Records excerpted from a collection:
────────

(* Consider $N$ agents whose states stack into $x\in\mathbb{R}^n$, each state coordinate belonging to exactly one agent. Let $A\in\mathbb{R}^{n\times n}$, $W\in\mathbb{R}^{n\times n}$ symmetric positive definite, $C=\mathrm{diag}(C_{11},\dots,C_{nn})$ diagonal positive definite (block-diagonal over agents). For each agent $i$ let $\Delta_{\ell_2}y_i>0$ be the $\ell_2$-sensitivity of its output map, take $\delta_i\in[10^{-5},10^{-1}]$, $\epsilon_i>0$, and set $\sigma_i=\frac{\Delta_{\ell_2}y_i}{2\epsilon_i}\big(K_{\delta_i}+\sqrt{K_{\delta_i}^2+2\epsilon_i}\big)$; let $V$ be the diagonal matrix whose $j$-th diagonal entry is $\sigma_i^2$ for the agent $i$ owning coordinate $j$. Let $\Sigma$ be the unique positive semidefinite solution of $\Sigma=A\Sigma A^T-A\Sigma C^T(C\Sigma C^T+V)^{-1}C\Sigma A^T+W$ and $\overline\Sigma=(C^TV^{-1}C+\Sigma^{-1})^{-1}$ (the MSE matrix of the a posteriori estimates). Let $B_l,B_u$ be real numbers and define, for each $i$, $$\eta_3:=\left(\frac{B_lC_u^2}{(\Delta_{\ell_2}y_i)^2\big(n-B_l\lambda_n^{-1}(W)\big)}\right)^{1/2},\qquad \eta_4:=\left(\frac{B_uC_l^2}{n(\Delta_{\ell_2}y_i)^2}\right)^{1/2},$$ assumed to be positive real numbers. If for all $i$ $$\frac18\left(\frac{1+\sqrt{36\eta_4+1}}{\eta_4}\right)^2\le\epsilon_i\le\frac1{\eta_3},$$ then $B_l\le\mathrm{tr}\,\overline\Sigma\le B_u$.
   Context: $\mathcal{Q}(y)=\frac{1}{\sqrt{2\pi}}\int_y^\infty e^{-z^2/2}dz$ and $K_\delta=\mathcal{Q}^{-1}(\delta)$. $\lambda_n(\cdot)$ is the smallest eigenvalue. With $V_{jj}=\sigma_j^2$ the noise variance of coordinate $j$, $l=\arg\min_j C_{jj}^2/\sigma_j^2$, $u=\arg\max_j C_{jj}^2/\sigma_j^2$, $C_l=C_{ll}$, $C_u=C_{uu}$. The $\ell_2$-sensitivity of agent $i$'s output $y_i(k)=C_ix_i(k)$ is $\sup\|C_ix_i-C_ix_i'\|_{\ell_2}$ over state trajectories with $\|x_i-x_i'\|_{\ell_2}\le b_i$ for a given adjacency parameter $b_i>0$. *)

theory Defs
  imports "HOL-Analysis.Analysis"
begin

definition Qfun :: "real \<Rightarrow> real" where
  "Qfun y = (1 / sqrt (2 * pi)) * integral {y..} (\<lambda>z. exp (- (z\<^sup>2) / 2))"

definition Kfun :: "real \<Rightarrow> real" where
  "Kfun \<delta> = (THE y. Qfun y = \<delta>)"

definition sym_mat :: "real^'n^'n \<Rightarrow> bool" where
  "sym_mat M \<longleftrightarrow> transpose M = M"

definition pos_def :: "real^'n^'n \<Rightarrow> bool" where
  "pos_def M \<longleftrightarrow> sym_mat M \<and> (\<forall>x. x \<noteq> 0 \<longrightarrow> x \<bullet> (M *v x) > 0)"

definition pos_semidef :: "real^'n^'n \<Rightarrow> bool" where
  "pos_semidef M \<longleftrightarrow> sym_mat M \<and> (\<forall>x. x \<bullet> (M *v x) \<ge> 0)"

definition diag_mat :: "real^'n^'n \<Rightarrow> bool" where
  "diag_mat M \<longleftrightarrow> (\<forall>i j. i \<noteq> j \<longrightarrow> M $ i $ j = 0)"

definition min_eig :: "real^'n^'n \<Rightarrow> real" where
  "min_eig M = Min {l. \<exists>v. v \<noteq> 0 \<and> M *v v = l *s v}"

text \<open>l2-sensitivity of the output y_i = C_i x_i of agent i (coordinates owner^-1 {i}),
  with adjacency parameter b: supremum of the l2 norm of C_i x_i - C_i x_i' over state
  trajectories of agent i with l2 distance at most b.\<close>
definition l2_sensitivity :: "real^'n^'n \<Rightarrow> ('n \<Rightarrow> 'm) \<Rightarrow> real \<Rightarrow> 'm \<Rightarrow> real" where
  "l2_sensitivity C owner b i =
     Sup {sqrt (\<Sum>k. \<Sum>j\<in>{j. owner j = i}. (C $ j $ j * (x k j - x' k j))\<^sup>2) | x x'.
            summable (\<lambda>k. \<Sum>j\<in>{j. owner j = i}. (x k j - x' k j)\<^sup>2) \<and>
            sqrt (\<Sum>k. \<Sum>j\<in>{j. owner j = i}. (x k j - x' k j)\<^sup>2) \<le> b}"

end

theory Submission
  imports Defs
begin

────────

*Task to complete*
Among the records above, count the lines that include the word "owner" and state the number by itself.

*Reply*
5